Boudreau jokes that it was Buley who hired her to teach at Chamberlin. Boudreau used to substitute before applying to a full-time job at the school. She had become familiar with Buley during her subbing days. Boudreau said she is terrible at interviewing and she was glad to have Buley sit-in on her interviews.

“Luckily she knew how I taught and how I was in the classroom with kids and pretty much said, ‘I know Jen, she might not interview well but guess that she’s good with kids,’” she recalled.

Buley was a skilled leader, taking in discussions at meetings, summarizing the main points and offering solutions, Melen said.

She also formally served her colleagues as co-president of the teachers’ union.

“She was this very moderate measured voice and as a leader in our association,” Murphy said. “She was an incredibly strong advocate for teachers, and for students in [that] she was very well spoken.”
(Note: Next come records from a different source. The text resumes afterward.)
(* There is no connected, non-complete, $5$-regular and $1$ net-regular SRSG in $\mathcal C_1\cup\mathcal C_4\cup\mathcal C_5$ with parameters $(n,5,a,b,c)$ satisfying $(a,b)=(2,0)$.
   Context: A signed graph $\dot G=(G,\sigma)$ is a simple graph $G$ with $\sigma:E(G)\to\{\pm1\}$; adjacency matrix $A_{\dot G}$ has entries $\sigma(v_iv_j)$ for adjacent vertices and $0$ otherwise. Degree and connectedness refer to $G$; net-degree is $d^+(v)-d^-(v)$; $\rho$ net-regular means all net-degrees equal $\rho$. $\dot G$ on $n$ vertices is an SRSG if it is neither homogeneous complete nor edgeless and there are $r\in\mathbb N$, $a,b,c\in\mathbb Z$ with $(A^2_{\dot G})_{ii}=r$, $(A^2_{\dot G})_{ij}=a$ for positive edges, $b$ for negative edges, $c$ for distinct non-adjacent pairs; parameters $(n,r,a,b,c)$. Classes: $\mathcal C_1$: $a=-b$ and (complete, or non-complete with $c\neq0$); $\mathcal C_4$: $a\ne-b$, non-complete, $c=0$; $\mathcal C_5$: $a\neq-b$, non-complete, $c\notin\{0,\frac{a+b}{2}\}$. *)

theory Defs
  imports Main
begin

definition signed_graph :: "'a set \<Rightarrow> ('a \<Rightarrow> 'a \<Rightarrow> bool) \<Rightarrow> ('a \<Rightarrow> 'a \<Rightarrow> int) \<Rightarrow> bool" where
  "signed_graph V E \<sigma> \<longleftrightarrow> finite V
     \<and> (\<forall>u v. E u v \<longrightarrow> u \<in> V \<and> v \<in> V)
     \<and> (\<forall>u v. E u v \<longrightarrow> E v u)
     \<and> (\<forall>u. \<not> E u u)
     \<and> (\<forall>u v. E u v \<longrightarrow> \<sigma> u v = \<sigma> v u \<and> (\<sigma> u v = 1 \<or> \<sigma> u v = -1))"

definition adj :: "('a \<Rightarrow> 'a \<Rightarrow> bool) \<Rightarrow> ('a \<Rightarrow> 'a \<Rightarrow> int) \<Rightarrow> 'a \<Rightarrow> 'a \<Rightarrow> int" where
  "adj E \<sigma> u v = (if E u v then \<sigma> u v else 0)"

definition adj_sq :: "'a set \<Rightarrow> ('a \<Rightarrow> 'a \<Rightarrow> bool) \<Rightarrow> ('a \<Rightarrow> 'a \<Rightarrow> int) \<Rightarrow> 'a \<Rightarrow> 'a \<Rightarrow> int" where
  "adj_sq V E \<sigma> u v = (\<Sum>w\<in>V. adj E \<sigma> u w * adj E \<sigma> w v)"

definition complete_graph :: "'a set \<Rightarrow> ('a \<Rightarrow> 'a \<Rightarrow> bool) \<Rightarrow> bool" where
  "complete_graph V E \<longleftrightarrow> (\<forall>u\<in>V. \<forall>v\<in>V. u \<noteq> v \<longrightarrow> E u v)"

definition edgeless :: "('a \<Rightarrow> 'a \<Rightarrow> bool) \<Rightarrow> bool" where
  "edgeless E \<longleftrightarrow> (\<forall>u v. \<not> E u v)"

definition homogeneous_complete :: "'a set \<Rightarrow> ('a \<Rightarrow> 'a \<Rightarrow> bool) \<Rightarrow> ('a \<Rightarrow> 'a \<Rightarrow> int) \<Rightarrow> bool" where
  "homogeneous_complete V E \<sigma> \<longleftrightarrow> complete_graph V E \<and>
     ((\<forall>u v. E u v \<longrightarrow> \<sigma> u v = 1) \<or> (\<forall>u v. E u v \<longrightarrow> \<sigma> u v = -1))"

definition connected_graph :: "'a set \<Rightarrow> ('a \<Rightarrow> 'a \<Rightarrow> bool) \<Rightarrow> bool" where
  "connected_graph V E \<longleftrightarrow> (\<forall>u\<in>V. \<forall>v\<in>V. E\<^sup>*\<^sup>* u v)"

definition degree :: "'a set \<Rightarrow> ('a \<Rightarrow> 'a \<Rightarrow> bool) \<Rightarrow> 'a \<Rightarrow> nat" where
  "degree V E v = card {w\<in>V. E v w}"

definition pos_degree :: "'a set \<Rightarrow> ('a \<Rightarrow> 'a \<Rightarrow> bool) \<Rightarrow> ('a \<Rightarrow> 'a \<Rightarrow> int) \<Rightarrow> 'a \<Rightarrow> nat" where
  "pos_degree V E \<sigma> v = card {w\<in>V. E v w \<and> \<sigma> v w = 1}"

definition neg_degree :: "'a set \<Rightarrow> ('a \<Rightarrow> 'a \<Rightarrow> bool) \<Rightarrow> ('a \<Rightarrow> 'a \<Rightarrow> int) \<Rightarrow> 'a \<Rightarrow> nat" where
  "neg_degree V E \<sigma> v = card {w\<in>V. E v w \<and> \<sigma> v w = -1}"

definition net_degree :: "'a set \<Rightarrow> ('a \<Rightarrow> 'a \<Rightarrow> bool) \<Rightarrow> ('a \<Rightarrow> 'a \<Rightarrow> int) \<Rightarrow> 'a \<Rightarrow> int" where
  "net_degree V E \<sigma> v = int (pos_degree V E \<sigma> v) - int (neg_degree V E \<sigma> v)"

definition regular :: "'a set \<Rightarrow> ('a \<Rightarrow> 'a \<Rightarrow> bool) \<Rightarrow> nat \<Rightarrow> bool" where
  "regular V E k \<longleftrightarrow> (\<forall>v\<in>V. degree V E v = k)"

definition net_regular :: "'a set \<Rightarrow> ('a \<Rightarrow> 'a \<Rightarrow> bool) \<Rightarrow> ('a \<Rightarrow> 'a \<Rightarrow> int) \<Rightarrow> int \<Rightarrow> bool" where
  "net_regular V E \<sigma> \<rho> \<longleftrightarrow> (\<forall>v\<in>V. net_degree V E \<sigma> v = \<rho>)"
As union co-president, Buley gave the annual address to teachers every other year.

“She was just so inspirational in her words to the entire faculty. Her ripple effect went well beyond Chamberlin,” Rouelle said.

But Rouelle also remembers the early days of her relationship with Buley, when Rouelle was a new administrator.

By the end of Buley’s time at Chamberlin, Rouelle said she’d frequently go to her to ask how the faculty was doing and what the school could be doing better.

“I miss that, just going to her,” Rouelle said. “She was just such a good listener and such a good problem solver.”

Buley also liked to laugh, and to make others laugh. And she loved a celebration.

Melen and Boudreau share birthdays and Buley was sure to never miss the occasion. She often baked “Willy’s Chocolate Cake,” named after her son’s favorite birthday confection: moist chocolate cake with chocolate cream cheese frosting.

And if you tried to do something nice for Buley in return, she’d end up doing something four times as nice as a thank you, Melen said.

“She was just stunning in that way, a very beautiful person who wanted so much to give to others.” he added.

Though COVID-19 has barred social events from taking place at the school, the Chamberlin community hopes to launch an annual blood drive in Buley’s memory once it’s safe to do so, Rouelle said.